* **TASK DIRECTIONS**:
Reproduce every entry precisely as written.

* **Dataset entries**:
::::::::

text \<open>Both sides are polynomials of degree at most \<open>n\<close> that agree at the \<open>n + 1\<close> nodes.\<close>

lemma sum_lagr_eq_1:
  assumes "inj_on xh {0..n}"
  shows "(\<Sum>j=0..n. lagr n xh j t) = 1"
proof -
  have card_nodes: "card (xh ` {0..n}) = Suc n"
    using card_image[OF assms] by simp
  have "(\<Sum>j=0..n. lagr_poly n xh j) = 1"
  proof (rule poly_eqI_degree[where A = "xh ` {0..n}"])
    fix s assume "s \<in> xh ` {0..n}"
    then obtain k where "k \<le> n" "s = xh k"
      by auto
    then show "poly (\<Sum>j=0..n. lagr_poly n xh j) s = poly 1 s"
      using lagr_node[OF assms] by (simp add: poly_sum poly_lagr_poly)
  next
    have "degree (\<Sum>j=0..n. lagr_poly n xh j) \<le> n"
      by (rule degree_sum_le) (auto intro: degree_lagr_poly_le)
    then show "degree (\<Sum>j=0..n. lagr_poly n xh j) < card (xh ` {0..n})"
      using card_nodes by simp
  qed (use card_nodes in simp)
  then show ?thesis
    by (metis (no_types) poly_1 poly_lagr_poly poly_sum sum.cong)
qed

lemma interp_1_plus:
  assumes "inj_on xh {0..n}"
  shows "interp n xh (\<lambda>k. 1 + v k) t = 1 + interp n xh v t"
  using sum_lagr_eq_1[OF assms] unfolding interp_add by (simp add: interp_def)

lemma lam_nonzero:
  assumes "inj_on xh {0..n}" "k \<le> n"
  shows "lam n xh k \<noteq> 0"
  using assms inj_on_eq_iff[OF assms(1), of k] unfolding lam_def by auto

lemma lagr_eq_lam_node_poly:
  assumes "k \<le> n" "t \<noteq> xh k"
  shows "lagr n xh k t = lam n xh k * (\<Prod>i\<in>{0..n}. t - xh i) / (t - xh k)"
proof -
  have "(\<Prod>i\<in>{0..n}. t - xh i) = (t - xh k) * (\<Prod>i\<in>{0..n} - {k}. t - xh i)"
    using assms(1) by (subst prod.remove[of _ k]) auto
  then show ?thesis
    using assms(2) unfolding lagr_def lam_def prod_dividef by simp
qed

text \<open>Away from the nodes both barycentric sums are the interpolants divided by the node
polynomial; the nonvanishing hypothesis matters only at a node xh k, where it says w k \<noteq> 0.\<close>

lemma bary_eq_interp_quotient:
  assumes inj: "inj_on xh {0..n}"
    and nonzero: "interp n xh (\<lambda>k. w k / lam n xh k) t \<noteq> 0"
  shows "bary n t xh y w
    = interp n xh (\<lambda>k. y k * w k / lam n xh k) t / interp n xh (\<lambda>k. w k / lam n xh k) t"
proof (cases "\<exists>k\<in>{0..n}. t = xh k")
  case True
  then obtain k where k: "k \<le> n" "t = xh k"
    by auto
  have some_node: "(SOME k. k \<in> {0..n} \<and> t = xh k) = k"
    using k inj_on_eq_iff[OF inj] by (intro some_equality) auto
  have "w k \<noteq> 0"
    using nonzero interp_node[OF inj k(1)] k by simp
  then show ?thesis
    using True some_node lam_nonzero[OF inj k(1)] unfolding bary_def k(2)
    by (simp add: interp_node[OF inj k(1)])
next
  case False
  define L where "L = (\<Prod>i\<in>{0..n}. t - xh i)"
  have "L \<noteq> 0"
    using False unfolding L_def by auto
  have summand: "w k * v / (t - xh k) = v * w k / lam n xh k * lagr n xh k t / L"
    if "k \<in> {0..n}" for k v
    using that False \<open>L \<noteq> 0\<close> lam_nonzero[OF inj, of k]
    by (auto simp: lagr_eq_lam_node_poly L_def[symmetric])
  have "(\<Sum>k=0..n. w k * y k / (t - xh k)) = interp n xh (\<lambda>k. y k * w k / lam n xh k) t / L"
    unfolding interp_def sum_divide_distrib by (intro sum.cong refl summand)
  moreover have "(\<Sum>k=0..n. w k / (t - xh k)) = interp n xh (\<lambda>k. w k / lam n xh k) t / L"
    unfolding interp_def sum_divide_distrib using summand[where v = 1] by (intro sum.cong refl) simp
  ultimately show ?thesis
    using False \<open>L \<noteq> 0\<close> unfolding bary_def by simp
qed

lemma lam_divide_lam_eq_1_plus_zvec:
  assumes "inj_on xh {0..n}" "k \<le> n"
  shows "lam n x k / lam n xh k = 1 + zvec n x xh k"
  using lam_nonzero[OF assms] unfolding zvec_def by (simp add: field_simps)

lemma bary_perturbed_weights:
  assumes inj: "inj_on xh {0..n}"
    and nonzero: "1 + interp n xh (zvec n x xh) t \<noteq> 0"
  shows "bary n t xh y (lam n x)
    = interp n xh (\<lambda>k. y k * (1 + zvec n x xh k) / (1 + interp n xh (zvec n x xh) t)) t"
    and "bary n t xh y (lam n x) - interp n xh y t
    = errpoly n xh y (zvec n x xh) t / (1 + interp n xh (zvec n x xh) t)"
proof -
  let ?z = "zvec n x xh"
  have weights: "interp n xh (\<lambda>k. v k * lam n x k / lam n xh k) t = interp n xh (\<lambda>k. v k * (1 + ?z k)) t"
    for v
    unfolding interp_def using lam_divide_lam_eq_1_plus_zvec[OF inj]
    by (intro sum.cong) (auto simp: times_divide_eq_right[symmetric])
  have den: "interp n xh (\<lambda>k. lam n x k / lam n xh k) t = 1 + interp n xh ?z t"
    using weights[of "\<lambda>_. 1"] interp_1_plus[OF inj] by simp
  have bary: "bary n t xh y (lam n x) = interp n xh (\<lambda>k. y k * (1 + ?z k)) t / (1 + interp n xh ?z t)"
    using bary_eq_interp_quotient[OF inj, of "lam n x" t y] nonzero den weights by simp
  then show "bary n t xh y (lam n x) = interp n xh (\<lambda>k. y k * (1 + ?z k) / (1 + interp n xh ?z t)) t"
    by (simp add: interp_divide)
  have "interp n xh (\<lambda>k. y k * (1 + ?z k)) t = interp n xh y t + interp n xh (\<lambda>k. y k * ?z k) t"
    by (simp add: distrib_left interp_add)
  then show "bary n t xh y (lam n x) - interp n xh y t = errpoly n xh y ?z t / (1 + interp n xh ?z t)"
    using nonzero unfolding bary errpoly_def by (simp add: field_simps)
qed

::::::::

* **SOLUTION BELOW**:
text \<open>Both sides are polynomials of degree at most \<open>n\<close> that agree at the \<open>n + 1\<close> nodes.\<close>

lemma sum_lagr_eq_1:
  assumes "inj_on xh {0..n}"
  shows "(\<Sum>j=0..n. lagr n xh j t) = 1"
proof -
  have card_nodes: "card (xh ` {0..n}) = Suc n"
    using card_image[OF assms] by simp
  have "(\<Sum>j=0..n. lagr_poly n xh j) = 1"
  proof (rule poly_eqI_degree[where A = "xh ` {0..n}"])
    fix s assume "s \<in> xh ` {0..n}"
    then obtain k where "k \<le> n" "s = xh k"
      by auto
    then show "poly (\<Sum>j=0..n. lagr_poly n xh j) s = poly 1 s"
      using lagr_node[OF assms] by (simp add: poly_sum poly_lagr_poly)
  next
    have "degree (\<Sum>j=0..n. lagr_poly n xh j) \<le> n"
      by (rule degree_sum_le) (auto intro: degree_lagr_poly_le)
    then show "degree (\<Sum>j=0..n. lagr_poly n xh j) < card (xh ` {0..n})"
      using card_nodes by simp
  qed (use card_nodes in simp)
  then show ?thesis
    by (metis (no_types) poly_1 poly_lagr_poly poly_sum sum.cong)
qed

lemma interp_1_plus:
  assumes "inj_on xh {0..n}"
  shows "interp n xh (\<lambda>k. 1 + v k) t = 1 + interp n xh v t"
  using sum_lagr_eq_1[OF assms] unfolding interp_add by (simp add: interp_def)

lemma lam_nonzero:
  assumes "inj_on xh {0..n}" "k \<le> n"
  shows "lam n xh k \<noteq> 0"
  using assms inj_on_eq_iff[OF assms(1), of k] unfolding lam_def by auto

lemma lagr_eq_lam_node_poly:
  assumes "k \<le> n" "t \<noteq> xh k"
  shows "lagr n xh k t = lam n xh k * (\<Prod>i\<in>{0..n}. t - xh i) / (t - xh k)"
proof -
  have "(\<Prod>i\<in>{0..n}. t - xh i) = (t - xh k) * (\<Prod>i\<in>{0..n} - {k}. t - xh i)"
    using assms(1) by (subst prod.remove[of _ k]) auto
  then show ?thesis
    using assms(2) unfolding lagr_def lam_def prod_dividef by simp
qed

text \<open>Away from the nodes both barycentric sums are the interpolants divided by the node
polynomial; the nonvanishing hypothesis matters only at a node xh k, where it says w k \<noteq> 0.\<close>

lemma bary_eq_interp_quotient:
  assumes inj: "inj_on xh {0..n}"
    and nonzero: "interp n xh (\<lambda>k. w k / lam n xh k) t \<noteq> 0"
  shows "bary n t xh y w
    = interp n xh (\<lambda>k. y k * w k / lam n xh k) t / interp n xh (\<lambda>k. w k / lam n xh k) t"
proof (cases "\<exists>k\<in>{0..n}. t = xh k")
  case True
  then obtain k where k: "k \<le> n" "t = xh k"
    by auto
  have some_node: "(SOME k. k \<in> {0..n} \<and> t = xh k) = k"
    using k inj_on_eq_iff[OF inj] by (intro some_equality) auto
  have "w k \<noteq> 0"
    using nonzero interp_node[OF inj k(1)] k by simp
  then show ?thesis
    using True some_node lam_nonzero[OF inj k(1)] unfolding bary_def k(2)
    by (simp add: interp_node[OF inj k(1)])
next
  case False
  define L where "L = (\<Prod>i\<in>{0..n}. t - xh i)"
  have "L \<noteq> 0"
    using False unfolding L_def by auto
  have summand: "w k * v / (t - xh k) = v * w k / lam n xh k * lagr n xh k t / L"
    if "k \<in> {0..n}" for k v
    using that False \<open>L \<noteq> 0\<close> lam_nonzero[OF inj, of k]
    by (auto simp: lagr_eq_lam_node_poly L_def[symmetric])
  have "(\<Sum>k=0..n. w k * y k / (t - xh k)) = interp n xh (\<lambda>k. y k * w k / lam n xh k) t / L"
    unfolding interp_def sum_divide_distrib by (intro sum.cong refl summand)
  moreover have "(\<Sum>k=0..n. w k / (t - xh k)) = interp n xh (\<lambda>k. w k / lam n xh k) t / L"
    unfolding interp_def sum_divide_distrib using summand[where v = 1] by (intro sum.cong refl) simp
  ultimately show ?thesis
    using False \<open>L \<noteq> 0\<close> unfolding bary_def by simp
qed

lemma lam_divide_lam_eq_1_plus_zvec:
  assumes "inj_on xh {0..n}" "k \<le> n"
  shows "lam n x k / lam n xh k = 1 + zvec n x xh k"
  using lam_nonzero[OF assms] unfolding zvec_def by (simp add: field_simps)

lemma bary_perturbed_weights:
  assumes inj: "inj_on xh {0..n}"
    and nonzero: "1 + interp n xh (zvec n x xh) t \<noteq> 0"
  shows "bary n t xh y (lam n x)
    = interp n xh (\<lambda>k. y k * (1 + zvec n x xh k) / (1 + interp n xh (zvec n x xh) t)) t"
    and "bary n t xh y (lam n x) - interp n xh y t
    = errpoly n xh y (zvec n x xh) t / (1 + interp n xh (zvec n x xh) t)"
proof -
  let ?z = "zvec n x xh"
  have weights: "interp n xh (\<lambda>k. v k * lam n x k / lam n xh k) t = interp n xh (\<lambda>k. v k * (1 + ?z k)) t"
    for v
    unfolding interp_def using lam_divide_lam_eq_1_plus_zvec[OF inj]
    by (intro sum.cong) (auto simp: times_divide_eq_right[symmetric])
  have den: "interp n xh (\<lambda>k. lam n x k / lam n xh k) t = 1 + interp n xh ?z t"
    using weights[of "\<lambda>_. 1"] interp_1_plus[OF inj] by simp
  have bary: "bary n t xh y (lam n x) = interp n xh (\<lambda>k. y k * (1 + ?z k)) t / (1 + interp n xh ?z t)"
    using bary_eq_interp_quotient[OF inj, of "lam n x" t y] nonzero den weights by simp
  then show "bary n t xh y (lam n x) = interp n xh (\<lambda>k. y k * (1 + ?z k) / (1 + interp n xh ?z t)) t"
    by (simp add: interp_divide)
  have "interp n xh (\<lambda>k. y k * (1 + ?z k)) t = interp n xh y t + interp n xh (\<lambda>k. y k * ?z k) t"
    by (simp add: distrib_left interp_add)
  then show "bary n t xh y (lam n x) - interp n xh y t = errpoly n xh y ?z t / (1 + interp n xh ?z t)"
    using nonzero unfolding bary errpoly_def by (simp add: field_simps)
qed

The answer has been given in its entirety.